» **Information provided**:
⁂
(* Let $I\subseteq\mathbb{R}$ be an interval, let $f:I\to\mathbb{R}$ be differentiable on the interior $I^\circ$ of $I$, and let $a,b\in I$ with $a<b$ and $f'\in L^1[a,b]$. Let $s\in(0,1]$, $\alpha\in[0,1]$, $m\in(0,1]$, assume $b/m\in I^\circ$, and let $p>1$ and $q=\frac{p}{p-1}$. If $|f'|^q$ is $s$-$(\alpha,m)$-convex (in the first sense) on $[a,b]$, then $$\left|\frac{f(a)+f(b)}{2}-\frac{1}{b-a}\int_a^b f(x)\,dx\right|\le \frac{b-a}{2(p+1)^{1/p}}\left[\frac{|f'(a)|^q+m\alpha s\left|f'\!\left(\frac{b}{m}\right)\right|^q}{\alpha s+1}\right]^{1/q}.$$
   Context: Let $s\in(0,1]$, $\alpha\in[0,1]$, $m\in(0,1]$. A nonnegative function $g$ is called $s$-$(\alpha,m)$-convex (in the first sense) on $[a,b]$ if for all $x,y\in[a,b]$ (with $y/m$ in the domain of $g$) and all $t\in[0,1]$, $$g(tx+(1-t)y)\le t^{\alpha s}g(x)+m\,(1-t^{\alpha s})\,g\!\left(\frac{y}{m}\right).$$ *)

theory Defs
  imports "HOL-Analysis.Analysis"
begin

text \<open>Real power t^e for t \<ge> 0 with the usual convention 0^0 = 1
  (Isabelle's powr has 0 powr 0 = 0).\<close>
definition rpow :: "real \<Rightarrow> real \<Rightarrow> real" where
  "rpow t e = (if t = 0 \<and> e = 0 then 1 else t powr e)"

text \<open>s-(alpha,m)-convexity in the first sense of a nonnegative function g on [a,b];
  D is the domain of g (the condition is required whenever y/m lies in D).\<close>
definition s_alpha_m_convex ::
  "(real \<Rightarrow> real) \<Rightarrow> real set \<Rightarrow> real \<Rightarrow> real \<Rightarrow> real \<Rightarrow> real \<Rightarrow> real \<Rightarrow> bool" where
  "s_alpha_m_convex g D s \<alpha> m a b \<longleftrightarrow>
     (\<forall>x\<in>{a..b}. g x \<ge> 0) \<and>
     (\<forall>x\<in>{a..b}. \<forall>y\<in>{a..b}. y / m \<in> D \<longrightarrow> (\<forall>t\<in>{0..1}.
        g (t * x + (1 - t) * y) \<le> rpow t (\<alpha> * s) * g x + m * (1 - rpow t (\<alpha> * s)) * g (y / m)))"

end

theory Submission
  imports Defs
begin

text \<open>With c = (a + b)/2, integration by parts gives
  (b - a)(f a + f b)/2 - \<integral>f = \<integral>(x - c) f' x over [a,b].  Hoelder's inequality
  bounds this by (\<integral>|x - c|^p)^(1/p) (\<integral>|f'|^q)^(1/q).  Writing x = t a + (1 - t) b with
  t = (b - x)/(b - a), the s-(\<alpha>,m)-convexity of |f'|^q bounds it pointwise by a chord whose
  integral is (b - a)(|f' a|^q + m \<alpha> s |f'(b/m)|^q)/(\<alpha> s + 1); the remaining power integrals
  are elementary.  Hoelder itself comes from integrating Young's inequality with an optimally
  chosen scaling.\<close>

lemma has_integral_powr_shifted:
  fixes e u v :: real
  assumes e: "e \<ge> 0" and uv: "u \<le> v"
  shows "((\<lambda>x. (x - u) powr e) has_integral (v - u) powr (e + 1) / (e + 1)) {u..v}"
proof -
  have "((\<lambda>x. (x - u) powr e) has_integral
          ((\<lambda>x. (x - u) powr (e + 1) / (e + 1)) v - (\<lambda>x. (x - u) powr (e + 1) / (e + 1)) u)) {u..v}"
  proof (rule fundamental_theorem_of_calculus_interior[OF uv])
    show "continuous_on {u..v} (\<lambda>x. (x - u) powr (e + 1) / (e + 1))"
      using e by (intro continuous_intros continuous_on_powr') auto
    fix x assume x: "x \<in> {u<..<v}"
    have "((\<lambda>x. (x - u) powr (e + 1)) has_real_derivative
           ((e + 1) * (x - u) powr (e + 1 - of_nat 1) * 1)) (at x)"
      using x by (intro DERIV_fun_powr derivative_eq_intros) auto
    then have "((\<lambda>x. (x - u) powr (e + 1) / (e + 1)) has_real_derivative
           ((e + 1) * (x - u) powr (e + 1 - of_nat 1) * 1) / (e + 1)) (at x)"
      by (rule DERIV_cdivide)
    then show "((\<lambda>x. (x - u) powr (e + 1) / (e + 1)) has_vector_derivative (x - u) powr e) (at x)"
      using e by (simp add: has_real_derivative_iff_has_vector_derivative)
  qed
  then show ?thesis using e by simp
qed

lemma has_integral_powr_reflected:
  fixes e u v :: real
  assumes e: "e \<ge> 0" and uv: "u \<le> v"
  shows "((\<lambda>x. (v - x) powr e) has_integral (v - u) powr (e + 1) / (e + 1)) {u..v}"
proof -
  have "((\<lambda>x. (v - x) powr e) has_integral
          ((\<lambda>x. - ((v - x) powr (e + 1) / (e + 1))) v - (\<lambda>x. - ((v - x) powr (e + 1) / (e + 1))) u)) {u..v}"
  proof (rule fundamental_theorem_of_calculus_interior[OF uv])
    show "continuous_on {u..v} (\<lambda>x. - ((v - x) powr (e + 1) / (e + 1)))"
      using e by (intro continuous_intros continuous_on_powr') auto
    fix x assume x: "x \<in> {u<..<v}"
    have "((\<lambda>x. (v - x) powr (e + 1)) has_real_derivative
           ((e + 1) * (v - x) powr (e + 1 - of_nat 1) * (0 - 1))) (at x)"
      using x by (intro DERIV_fun_powr derivative_eq_intros) auto
    then have "((\<lambda>x. - ((v - x) powr (e + 1) / (e + 1))) has_real_derivative
           - (((e + 1) * (v - x) powr (e + 1 - of_nat 1) * (0 - 1)) / (e + 1))) (at x)"
      by (intro DERIV_cdivide DERIV_minus)
    then show "((\<lambda>x. - ((v - x) powr (e + 1) / (e + 1))) has_vector_derivative (v - x) powr e) (at x)"
      using e by (simp add: has_real_derivative_iff_has_vector_derivative)
  qed
  then show ?thesis using e by simp
qed

lemma has_integral_abs_powr_midpoint:
  fixes e a b :: real
  assumes e: "e \<ge> 0" and ab: "a \<le> b"
  shows "((\<lambda>x. \<bar>x - (a + b) / 2\<bar> powr e) has_integral 2 * ((b - a) / 2) powr (e + 1) / (e + 1)) {a..b}"
proof -
  define c where "c = (a + b) / 2"
  have ac: "a \<le> c" "c \<le> b" and half: "c - a = (b - a) / 2" "b - c = (b - a) / 2"
    using ab by (auto simp: c_def field_simps)
  have "((\<lambda>x. \<bar>x - c\<bar> powr e) has_integral ((b - a) / 2) powr (e + 1) / (e + 1)) {a..c}"
    using has_integral_powr_reflected[OF e ac(1)] unfolding half
    by (subst has_integral_cong) auto
  moreover have "((\<lambda>x. \<bar>x - c\<bar> powr e) has_integral ((b - a) / 2) powr (e + 1) / (e + 1)) {c..b}"
    using has_integral_powr_shifted[OF e ac(2)] unfolding half
    by (subst has_integral_cong) auto
  ultimately show ?thesis
    using has_integral_combine[OF ac] unfolding c_def by fastforce
qed

lemma has_integral_rpow_ratio:
  fixes e a b :: real
  assumes e: "e \<ge> 0" and ab: "a < b"
  shows "((\<lambda>x. rpow ((b - x) / (b - a)) e) has_integral (b - a) / (e + 1)) {a..b}"
proof -
  have "((\<lambda>x. (b - x) powr e / (b - a) powr e) has_integral
          (b - a) powr (e + 1) / (e + 1) / (b - a) powr e) {a..b}"
    using has_integral_powr_reflected[OF e, of a b] ab by (intro has_integral_divide) auto
  moreover have "(b - a) powr (e + 1) / (e + 1) / (b - a) powr e = (b - a) / (e + 1)"
    using ab by (simp add: powr_add)
  ultimately have powr_integral:
    "((\<lambda>x. (b - x) powr e / (b - a) powr e) has_integral (b - a) / (e + 1)) {a..b}"
    by simp
  show ?thesis
  proof (rule has_integral_spike_finite[OF _ _ powr_integral, of "{b}"])
    fix x assume "x \<in> {a..b} - {b}"
    then show "rpow ((b - x) / (b - a)) e = (b - x) powr e / (b - a) powr e"
      using ab by (simp add: rpow_def powr_divide)
  qed auto
qed

lemma conjugate_exponent_gt_1:
  fixes p q :: real
  assumes "p > 1" "1 / p + 1 / q = 1"
  shows "q > 1"
proof -
  have "1 / q = 1 - 1 / p" using assms(2) by simp
  moreover have "0 < 1 - 1 / p" "1 - 1 / p < 1" using assms(1) by auto
  ultimately have "0 < 1 / q" "1 / q < 1" by simp_all
  then show ?thesis by (simp add: divide_less_eq split: if_splits)
qed

lemma Youngs_inequality_scaled:
  fixes p q l x y :: real
  assumes "p > 1" "q > 1" "1 / p + 1 / q = 1" "l > 0" "x \<ge> 0" "y \<ge> 0"
  shows "x * y \<le> l powr p * x powr p / p + y powr q / (l powr q * q)"
proof -
  have "(l * x) * (y / l) \<le> (l * x) powr p / p + (y / l) powr q / q"
    using assms by (intro Youngs_inequality) auto
  then show ?thesis
    using assms by (simp add: powr_mult powr_divide)
qed

lemma Youngs_inequality_scaled_optimum:
  fixes P Q p q :: real
  assumes P: "P > 0" and Q: "Q > 0" and p: "p > 1" and pq: "1 / p + 1 / q = 1"
  defines "l \<equiv> (Q / P) powr (1 / (p * q))"
  shows "l powr p * P / p + Q / (l powr q * q) = P powr (1 / p) * Q powr (1 / q)"
proof -
  have q: "q > 0"
    using conjugate_exponent_gt_1[OF p pq] by simp
  define M where "M = P powr (1 / p) * Q powr (1 / q)"
  have lp: "l powr p = (Q / P) powr (1 / q)" and lq: "l powr q = (Q / P) powr (1 / p)"
    using p q unfolding l_def by (simp_all add: powr_powr)
  have "l powr p * P = M"
  proof -
    have "l powr p * P = Q powr (1 / q) / P powr (1 / q) * (P powr (1 / p) * P powr (1 / q))"
      using P Q lp by (simp flip: powr_add add: pq powr_divide)
    also have "\<dots> = M" using P unfolding M_def by simp
    finally show ?thesis .
  qed
  moreover have "Q / l powr q = M"
  proof -
    have "Q / l powr q = (Q powr (1 / p) * Q powr (1 / q)) / (Q powr (1 / p) / P powr (1 / p))"
      using P Q lq by (simp flip: powr_add add: pq powr_divide)
    also have "\<dots> = M" using Q unfolding M_def by simp
    finally show ?thesis .
  qed
  ultimately have "l powr p * P / p + Q / (l powr q * q) = M * (1 / p + 1 / q)"
    by (metis distrib_left divide_divide_eq_left times_divide_eq_right mult.right_neutral)
  then show ?thesis
    using pq M_def by simp
qed

lemma has_integral_Holder_bound:
  fixes g h G :: "real \<Rightarrow> real" and S :: "real set"
  assumes p: "p > 1" and pq: "1 / p + 1 / q = 1"
    and J: "((\<lambda>x. g x * h x) has_integral J) S"
    and P: "((\<lambda>x. \<bar>g x\<bar> powr p) has_integral P) S" "P > 0"
    and Q: "(G has_integral Q) S"
    and h_le_G: "\<And>x. x \<in> S \<Longrightarrow> \<bar>h x\<bar> powr q \<le> G x"
  shows "\<bar>J\<bar> \<le> P powr (1 / p) * Q powr (1 / q)"
proof -
  have q: "q > 1" using conjugate_exponent_gt_1[OF p pq] .
  have Young: "\<bar>J\<bar> \<le> l powr p * P / p + Q / (l powr q * q)" if l: "l > 0" for l
  proof -
    have majorant: "((\<lambda>x. l powr p * \<bar>g x\<bar> powr p / p + G x / (l powr q * q)) has_integral
            l powr p * P / p + Q / (l powr q * q)) S"
      by (intro has_integral_add has_integral_divide has_integral_mult_right P Q)
    have "norm (g x * h x) \<le> l powr p * \<bar>g x\<bar> powr p / p + G x / (l powr q * q)"
      if "x \<in> S" for x
    proof -
      have "\<bar>g x\<bar> * \<bar>h x\<bar> \<le> l powr p * \<bar>g x\<bar> powr p / p + \<bar>h x\<bar> powr q / (l powr q * q)"
        using p q pq l by (intro Youngs_inequality_scaled) auto
      also have "\<dots> \<le> l powr p * \<bar>g x\<bar> powr p / p + G x / (l powr q * q)"
        using h_le_G[OF that] l q by (intro add_left_mono divide_right_mono) auto
      finally show ?thesis by (simp add: abs_mult)
    qed
    then have "norm (integral S (\<lambda>x. g x * h x))
        \<le> integral S (\<lambda>x. l powr p * \<bar>g x\<bar> powr p / p + G x / (l powr q * q))"
      using J majorant by (intro integral_norm_bound_integral) auto
    then show ?thesis
      using J majorant by (simp add: integral_unique)
  qed
  have "Q \<ge> 0"
    using Q by (rule has_integral_nonneg) (meson h_le_G order_trans powr_ge_zero)
  then consider "Q = 0" | "Q > 0" by linarith
  then show ?thesis
  proof cases
    case 1
    \<comment> \<open>Letting the scaling l tend to 0 forces J = 0.\<close>
    show ?thesis
    proof (rule ccontr)
      assume "\<not> ?thesis"
      then have J_pos: "\<bar>J\<bar> > 0" using 1 by simp
      define l where "l = (\<bar>J\<bar> * p / (2 * P)) powr (1 / p)"
      have "l > 0" "l powr p = \<bar>J\<bar> * p / (2 * P)"
        using J_pos p P(2) by (simp_all add: l_def powr_powr)
      moreover from this(2) have "l powr p * P / p = \<bar>J\<bar> / 2"
        using p P(2) by simp
      ultimately show False
        using Young[of l] 1 J_pos by simp
    qed
  next
    case 2
    show ?thesis
      using Young[of "(Q / P) powr (1 / (p * q))"] P(2) 2
      by (simp add: Youngs_inequality_scaled_optimum[OF P(2) 2 p pq])
  qed
qed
⁂
» **Work item**: Produce only the lines from the line containing "using ab by (simp add: powr_add)" through the line containing "using conjugate_exponent_gt_1[OF p pq] by", inclusive of both, exactly as they stand in the entries above.

» **Final answer**:
    using ab by (simp add: powr_add)
  ultimately have powr_integral:
    "((\<lambda>x. (b - x) powr e / (b - a) powr e) has_integral (b - a) / (e + 1)) {a..b}"
    by simp
  show ?thesis
  proof (rule has_integral_spike_finite[OF _ _ powr_integral, of "{b}"])
    fix x assume "x \<in> {a..b} - {b}"
    then show "rpow ((b - x) / (b - a)) e = (b - x) powr e / (b - a) powr e"
      using ab by (simp add: rpow_def powr_divide)
  qed auto
qed

lemma conjugate_exponent_gt_1:
  fixes p q :: real
  assumes "p > 1" "1 / p + 1 / q = 1"
  shows "q > 1"
proof -
  have "1 / q = 1 - 1 / p" using assms(2) by simp
  moreover have "0 < 1 - 1 / p" "1 - 1 / p < 1" using assms(1) by auto
  ultimately have "0 < 1 / q" "1 / q < 1" by simp_all
  then show ?thesis by (simp add: divide_less_eq split: if_splits)
qed

lemma Youngs_inequality_scaled:
  fixes p q l x y :: real
  assumes "p > 1" "q > 1" "1 / p + 1 / q = 1" "l > 0" "x \<ge> 0" "y \<ge> 0"
  shows "x * y \<le> l powr p * x powr p / p + y powr q / (l powr q * q)"
proof -
  have "(l * x) * (y / l) \<le> (l * x) powr p / p + (y / l) powr q / q"
    using assms by (intro Youngs_inequality) auto
  then show ?thesis
    using assms by (simp add: powr_mult powr_divide)
qed

lemma Youngs_inequality_scaled_optimum:
  fixes P Q p q :: real
  assumes P: "P > 0" and Q: "Q > 0" and p: "p > 1" and pq: "1 / p + 1 / q = 1"
  defines "l \<equiv> (Q / P) powr (1 / (p * q))"
  shows "l powr p * P / p + Q / (l powr q * q) = P powr (1 / p) * Q powr (1 / q)"
proof -
  have q: "q > 0"
    using conjugate_exponent_gt_1[OF p pq] by simp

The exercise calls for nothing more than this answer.